*** Opening Provided data ***

(* Let $\mathcal{P}$ be a declassification policy, with $\Delta^{\mathcal{P}}_P$, $\rho_{\mathcal{P}}$, $I[\cdot]$ and $I[\cdot]^{ev}$ as defined in the context. For every type $\tau$ with $\Delta^{\mathcal{P}}_P\vdash\tau$: $\langle v_1,v_2\rangle\in\mathcal{V}[\tau]_{\rho_{\mathcal{P}}}$ if and only if $\langle v_1,v_2\rangle\in I[\tau]$; and $\langle e_1,e_2\rangle\in\mathcal{E}[\tau]_{\rho_{\mathcal{P}}}$ if and only if $\langle e_1,e_2\rangle\in I[\tau]^{ev}$.
   Context: Language: simply typed call-by-value lambda calculus with types $\tau::=\mathbf{int}\mid\alpha\mid\tau_1\times\tau_2\mid\tau_1\to\tau_2$, values $v::=n\mid\langle v,v\rangle\mid\lambda x:\tau.e$, terms $e::=x\mid v\mid\langle e,e\rangle\mid\pi_ie\mid e_1e_2$ (plus terminating primitive arithmetic operators on $\mathbf{int}$), standard typing and call-by-value reduction ($\to^*$ its reflexive-transitive closure). $\Delta\vdash\tau$ means all type variables of $\tau$ lie in $\Delta$. Logical relation: for type substitutions $\delta_1,\delta_2$ (maps from type variables to closed types) and $\rho\in\mathrm{Rel}(\delta_1,\delta_2)$ (i.e. $\mathrm{dom}\rho=\mathrm{dom}\delta_i$ and $\rho(\alpha)$ is a binary relation between closed values of type $\delta_1(\alpha)$ and of type $\delta_2(\alpha)$): $\langle n,n\rangle\in\mathcal{V}[\mathbf{int}]_\rho$; $\langle\langle v_1,v_2\rangle,\langle v_1',v_2'\rangle\rangle\in\mathcal{V}[\tau_1\times\tau_2]_\rho$ iff $\langle v_1,v_1'\rangle\in\mathcal{V}[\tau_1]_\rho$ and $\langle v_2,v_2'\rangle\in\mathcal{V}[\tau_2]_\rho$; $\langle v_1,v_2\rangle\in\mathcal{V}[\tau_1\to\tau_2]_\rho$ iff for all $\langle v_1',v_2'\rangle\in\mathcal{V}[\tau_1]_\rho$, $\langle v_1v_1',v_2v_2'\rangle\in\mathcal{E}[\tau_2]_\rho$; $\langle v_1,v_2\rangle\in\mathcal{V}[\alpha]_\rho$ iff $\langle v_1,v_2\rangle\in\rho(\alpha)$; $\langle e_1,e_2\rangle\in\mathcal{E}[\tau]_\rho$ iff $\vdash e_1:\delta_1(\tau)$, $\vdash e_2:\delta_2(\tau)$, $e_1\to^*v_1$, $e_2\to^*v_2$ and $\langle v_1,v_2\rangle\in\mathcal{V}[\tau]_\rho$. Policy $\mathcal{P}=\langle V_{\mathcal{P}},F_{\mathcal{P}}\rangle$: $V_{\mathcal{P}}$ finite set of confidential input variables; $F_{\mathcal{P}}$ partial map from $V_{\mathcal{P}}$ to closed declassification functions $f=\lambda x:\mathbf{int}.e$ of type $\mathbf{int}\to\tau_f$ with $\tau_f$ closed. $V_\top=V_{\mathcal{P}}\setminus\mathrm{dom}F_{\mathcal{P}}$; $\Delta^{\mathcal{P}}_P=\{\alpha_x\mid x\in V_\top\}\cup\{\alpha_f\mid F_{\mathcal{P}}(x)=f\}$ (fresh type variables); $\delta_{\mathcal{P}}$ maps each of them to $\mathbf{int}$. Indistinguishability, for $\Delta^{\mathcal{P}}_P\vdash\tau$: $\langle n,n\rangle\in I[\mathbf{int}]$; pairs componentwise at $\tau_1\times\tau_2$; $\langle v_1,v_2\rangle\in I[\tau_1\to\tau_2]$ iff for all $\langle v_1',v_2'\rangle\in I[\tau_1]$, $\langle v_1v_1',v_2v_2'\rangle\in I[\tau_2]^{ev}$; $\langle v_1,v_2\rangle\in I[\alpha_x]$ iff $\vdash v_1,v_2:\mathbf{int}$; $\langle v_1,v_2\rangle\in I[\alpha_f]$ iff $\vdash v_1,v_2:\mathbf{int}$ and $\langle f\,v_1,f\,v_2\rangle\in I[\tau_f]^{ev}$; $\langle e_1,e_2\rangle\in I[\tau]^{ev}$ iff $\vdash e_1,e_2:\delta_{\mathcal{P}}(\tau)$, $e_i\to^*v_i$ and $\langle v_1,v_2\rangle\in I[\tau]$. $\rho_{\mathcal{P}}(\alpha_x)=I[\alpha_x]$ and $\rho_{\mathcal{P}}(\alpha_f)=I[\alpha_f]$; the logical relation at $\rho_{\mathcal{P}}$ is taken with $\delta_1=\delta_2=\delta_{\mathcal{P}}$. *)

theory Defs
  imports Main
begin

type_synonym var = nat

text \<open>Types, type variables and terms are mutually recursive: the fresh type
variables of a policy are indexed by a confidential variable (alpha_x) or by a
declassification function together with its result type (alpha_f).\<close>

datatype ty = TInt | TVar tyvar | TProd ty ty | TArr ty ty
and tyvar = TVN nat | AX var | AF tm ty
and tm = Var var | Num int | Pair tm tm | Fst tm | Snd tm
       | Lam var ty tm | App tm tm | Prim "int \<Rightarrow> int \<Rightarrow> int" tm tm

fun is_val :: "tm \<Rightarrow> bool" where
  "is_val (Num n) = True"
| "is_val (Pair v1 v2) = (is_val v1 \<and> is_val v2)"
| "is_val (Lam x T e) = True"
| "is_val _ = False"

text \<open>Substitution of (closed) values, as used by call-by-value reduction of closed terms.\<close>
fun subst :: "var \<Rightarrow> tm \<Rightarrow> tm \<Rightarrow> tm" where
  "subst x v (Var y) = (if x = y then v else Var y)"
| "subst x v (Num n) = Num n"
| "subst x v (Pair e1 e2) = Pair (subst x v e1) (subst x v e2)"
| "subst x v (Fst e) = Fst (subst x v e)"
| "subst x v (Snd e) = Snd (subst x v e)"
| "subst x v (Lam y T e) = (if x = y then Lam y T e else Lam y T (subst x v e))"
| "subst x v (App e1 e2) = App (subst x v e1) (subst x v e2)"
| "subst x v (Prim f e1 e2) = Prim f (subst x v e1) (subst x v e2)"

inductive has_type :: "(var \<Rightarrow> ty option) \<Rightarrow> tm \<Rightarrow> ty \<Rightarrow> bool" where
  T_Var: "\<Gamma> x = Some T \<Longrightarrow> has_type \<Gamma> (Var x) T"
| T_Num: "has_type \<Gamma> (Num n) TInt"
| T_Pair: "has_type \<Gamma> e1 T1 \<Longrightarrow> has_type \<Gamma> e2 T2 \<Longrightarrow> has_type \<Gamma> (Pair e1 e2) (TProd T1 T2)"
| T_Fst: "has_type \<Gamma> e (TProd T1 T2) \<Longrightarrow> has_type \<Gamma> (Fst e) T1"
| T_Snd: "has_type \<Gamma> e (TProd T1 T2) \<Longrightarrow> has_type \<Gamma> (Snd e) T2"
| T_Lam: "has_type (\<Gamma>(x \<mapsto> T1)) e T2 \<Longrightarrow> has_type \<Gamma> (Lam x T1 e) (TArr T1 T2)"
| T_App: "has_type \<Gamma> e1 (TArr T1 T2) \<Longrightarrow> has_type \<Gamma> e2 T1 \<Longrightarrow> has_type \<Gamma> (App e1 e2) T2"
| T_Prim: "has_type \<Gamma> e1 TInt \<Longrightarrow> has_type \<Gamma> e2 TInt \<Longrightarrow> has_type \<Gamma> (Prim f e1 e2) TInt"

abbreviation closed_typed :: "tm \<Rightarrow> ty \<Rightarrow> bool" where
  "closed_typed e T \<equiv> has_type Map.empty e T"

inductive step :: "tm \<Rightarrow> tm \<Rightarrow> bool" where
  S_Beta: "is_val v \<Longrightarrow> step (App (Lam x T e) v) (subst x v e)"
| S_Fst: "is_val v1 \<Longrightarrow> is_val v2 \<Longrightarrow> step (Fst (Pair v1 v2)) v1"
| S_Snd: "is_val v1 \<Longrightarrow> is_val v2 \<Longrightarrow> step (Snd (Pair v1 v2)) v2"
| S_Prim: "step (Prim f (Num a) (Num b)) (Num (f a b))"
| S_Pair1: "step e1 e1' \<Longrightarrow> step (Pair e1 e2) (Pair e1' e2)"
| S_Pair2: "is_val v1 \<Longrightarrow> step e2 e2' \<Longrightarrow> step (Pair v1 e2) (Pair v1 e2')"
| S_FstC: "step e e' \<Longrightarrow> step (Fst e) (Fst e')"
| S_SndC: "step e e' \<Longrightarrow> step (Snd e) (Snd e')"
| S_App1: "step e1 e1' \<Longrightarrow> step (App e1 e2) (App e1' e2)"
| S_App2: "is_val v1 \<Longrightarrow> step e2 e2' \<Longrightarrow> step (App v1 e2) (App v1 e2')"
| S_Prim1: "step e1 e1' \<Longrightarrow> step (Prim f e1 e2) (Prim f e1' e2)"
| S_Prim2: "is_val v1 \<Longrightarrow> step e2 e2' \<Longrightarrow> step (Prim f v1 e2) (Prim f v1 e2')"

abbreviation steps :: "tm \<Rightarrow> tm \<Rightarrow> bool" where
  "steps \<equiv> step\<^sup>*\<^sup>*"

fun ftv :: "ty \<Rightarrow> tyvar set" where
  "ftv TInt = {}"
| "ftv (TVar a) = {a}"
| "ftv (TProd T1 T2) = ftv T1 \<union> ftv T2"
| "ftv (TArr T1 T2) = ftv T1 \<union> ftv T2"

definition wf_ty :: "tyvar set \<Rightarrow> ty \<Rightarrow> bool" where
  "wf_ty \<Delta> T \<longleftrightarrow> ftv T \<subseteq> \<Delta>"

type_synonym tsubst = "tyvar \<Rightarrow> ty option"

fun tsubst :: "tsubst \<Rightarrow> ty \<Rightarrow> ty" where
  "tsubst \<delta> TInt = TInt"
| "tsubst \<delta> (TVar a) = (case \<delta> a of Some T \<Rightarrow> T | None \<Rightarrow> TVar a)"
| "tsubst \<delta> (TProd T1 T2) = TProd (tsubst \<delta> T1) (tsubst \<delta> T2)"
| "tsubst \<delta> (TArr T1 T2) = TArr (tsubst \<delta> T1) (tsubst \<delta> T2)"

definition ev_rel :: "tsubst \<Rightarrow> tsubst \<Rightarrow> (tm \<times> tm) set \<Rightarrow> ty \<Rightarrow> (tm \<times> tm) set" where
  "ev_rel \<delta>1 \<delta>2 R T = {(e1, e2). closed_typed e1 (tsubst \<delta>1 T) \<and> closed_typed e2 (tsubst \<delta>2 T) \<and>
      (\<exists>v1 v2. steps e1 v1 \<and> is_val v1 \<and> steps e2 v2 \<and> is_val v2 \<and> (v1, v2) \<in> R)}"

fun LV :: "tsubst \<Rightarrow> tsubst \<Rightarrow> (tyvar \<Rightarrow> (tm \<times> tm) set) \<Rightarrow> ty \<Rightarrow> (tm \<times> tm) set" where
  "LV \<delta>1 \<delta>2 \<rho> TInt = {(Num n, Num n) | n. True}"
| "LV \<delta>1 \<delta>2 \<rho> (TProd T1 T2) = {(Pair v1 v2, Pair v1' v2') | v1 v2 v1' v2'.
      (v1, v1') \<in> LV \<delta>1 \<delta>2 \<rho> T1 \<and> (v2, v2') \<in> LV \<delta>1 \<delta>2 \<rho> T2}"
| "LV \<delta>1 \<delta>2 \<rho> (TArr T1 T2) = {(v1, v2). is_val v1 \<and> is_val v2 \<and>
      (\<forall>v1' v2'. (v1', v2') \<in> LV \<delta>1 \<delta>2 \<rho> T1 \<longrightarrow>
         (App v1 v1', App v2 v2') \<in> ev_rel \<delta>1 \<delta>2 (LV \<delta>1 \<delta>2 \<rho> T2) T2)}"
| "LV \<delta>1 \<delta>2 \<rho> (TVar a) = \<rho> a"

definition LE :: "tsubst \<Rightarrow> tsubst \<Rightarrow> (tyvar \<Rightarrow> (tm \<times> tm) set) \<Rightarrow> ty \<Rightarrow> (tm \<times> tm) set" where
  "LE \<delta>1 \<delta>2 \<rho> T = ev_rel \<delta>1 \<delta>2 (LV \<delta>1 \<delta>2 \<rho> T) T"

record policy =
  VP :: "var set"
  FP :: "var \<Rightarrow> tm option"

definition closed_ty :: "ty \<Rightarrow> bool" where
  "closed_ty T \<longleftrightarrow> ftv T = {}"

definition wf_policy :: "policy \<Rightarrow> bool" where
  "wf_policy P \<longleftrightarrow> finite (VP P) \<and> dom (FP P) \<subseteq> VP P \<and>
     (\<forall>x f. FP P x = Some f \<longrightarrow>
        (\<exists>y e. f = Lam y TInt e) \<and> (\<exists>T. closed_typed f (TArr TInt T) \<and> closed_ty T))"

definition Vtop :: "policy \<Rightarrow> var set" where
  "Vtop P = VP P - dom (FP P)"

definition DeltaP :: "policy \<Rightarrow> tyvar set" where
  "DeltaP P = {AX x | x. x \<in> Vtop P} \<union>
     {AF f T | f T. (\<exists>x. FP P x = Some f) \<and> closed_typed f (TArr TInt T)}"

definition deltaP :: "policy \<Rightarrow> tsubst" where
  "deltaP P a = (if a \<in> DeltaP P then Some TInt else None)"

fun Ind :: "policy \<Rightarrow> ty \<Rightarrow> (tm \<times> tm) set" where
  "Ind P TInt = {(Num n, Num n) | n. True}"
| "Ind P (TProd T1 T2) = {(Pair v1 v2, Pair v1' v2') | v1 v2 v1' v2'.
      (v1, v1') \<in> Ind P T1 \<and> (v2, v2') \<in> Ind P T2}"
| "Ind P (TArr T1 T2) = {(v1, v2). is_val v1 \<and> is_val v2 \<and>
      (\<forall>v1' v2'. (v1', v2') \<in> Ind P T1 \<longrightarrow>
         (App v1 v1', App v2 v2') \<in> ev_rel (deltaP P) (deltaP P) (Ind P T2) T2)}"
| "Ind P (TVar (AX x)) = {(v1, v2). is_val v1 \<and> is_val v2 \<and>
      closed_typed v1 TInt \<and> closed_typed v2 TInt}"
| "Ind P (TVar (AF f Tf)) = {(v1, v2). is_val v1 \<and> is_val v2 \<and>
      closed_typed v1 TInt \<and> closed_typed v2 TInt \<and>
      (App f v1, App f v2) \<in> ev_rel (deltaP P) (deltaP P) (Ind P Tf) Tf}"
| "Ind P (TVar (TVN n)) = {}"

definition IndEv :: "policy \<Rightarrow> ty \<Rightarrow> (tm \<times> tm) set" where
  "IndEv P T = ev_rel (deltaP P) (deltaP P) (Ind P T) T"

definition rhoP :: "policy \<Rightarrow> tyvar \<Rightarrow> (tm \<times> tm) set" where
  "rhoP P a = (if a \<in> DeltaP P then Ind P (TVar a) else {})"

end

theory Submission
  imports Defs
begin

text \<open>The two relations are defined by the same clauses at base, product and
arrow types, the arrow clauses even using the same evaluation closure under
deltaP P; they can only differ at type variables, where rhoP P is by definition
the indistinguishability relation. Hence a structural induction on the type
identifies them, and the statement about terms follows by applying the common
evaluation closure.\<close>

lemma LV_eq_Ind_if_rho_agrees:
  assumes "\<And>a. a \<in> ftv T \<Longrightarrow> \<rho> a = Ind P (TVar a)"
  shows "LV (deltaP P) (deltaP P) \<rho> T = Ind P T"
  using assms by (induction T rule: ftv.induct) simp_all

lemma rhoP_agrees_with_Ind:
  assumes "a \<in> DeltaP P"
  shows "rhoP P a = Ind P (TVar a)"
  using assms by (simp add: rhoP_def)

lemma LV_rhoP_eq_Ind:
  assumes "wf_ty (DeltaP P) T"
  shows "LV (deltaP P) (deltaP P) (rhoP P) T = Ind P T"
  using assms by (intro LV_eq_Ind_if_rho_agrees rhoP_agrees_with_Ind) (auto simp: wf_ty_def)

theorem lemma3:
  assumes "wf_policy P"
    and "wf_ty (DeltaP P) \<tau>"
  shows "(\<forall>v1 v2. (v1, v2) \<in> LV (deltaP P) (deltaP P) (rhoP P) \<tau> \<longleftrightarrow> (v1, v2) \<in> Ind P \<tau>) \<and>
         (\<forall>e1 e2. (e1, e2) \<in> LE (deltaP P) (deltaP P) (rhoP P) \<tau> \<longleftrightarrow> (e1, e2) \<in> IndEv P \<tau>)"
proof -
  have LV_eq: "LV (deltaP P) (deltaP P) (rhoP P) \<tau> = Ind P \<tau>"
    using assms(2) by (rule LV_rhoP_eq_Ind)
  then have "LE (deltaP P) (deltaP P) (rhoP P) \<tau> = IndEv P \<tau>"
    by (simp add: LE_def IndEv_def)
  with LV_eq show ?thesis by simp
qed

end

*** Closing Provided data ***

_Instructions for the task_. Scan the records above for the string "same", then report every line that contains it.

_Task result_.
text \<open>The two relations are defined by the same clauses at base, product and
arrow types, the arrow clauses even using the same evaluation closure under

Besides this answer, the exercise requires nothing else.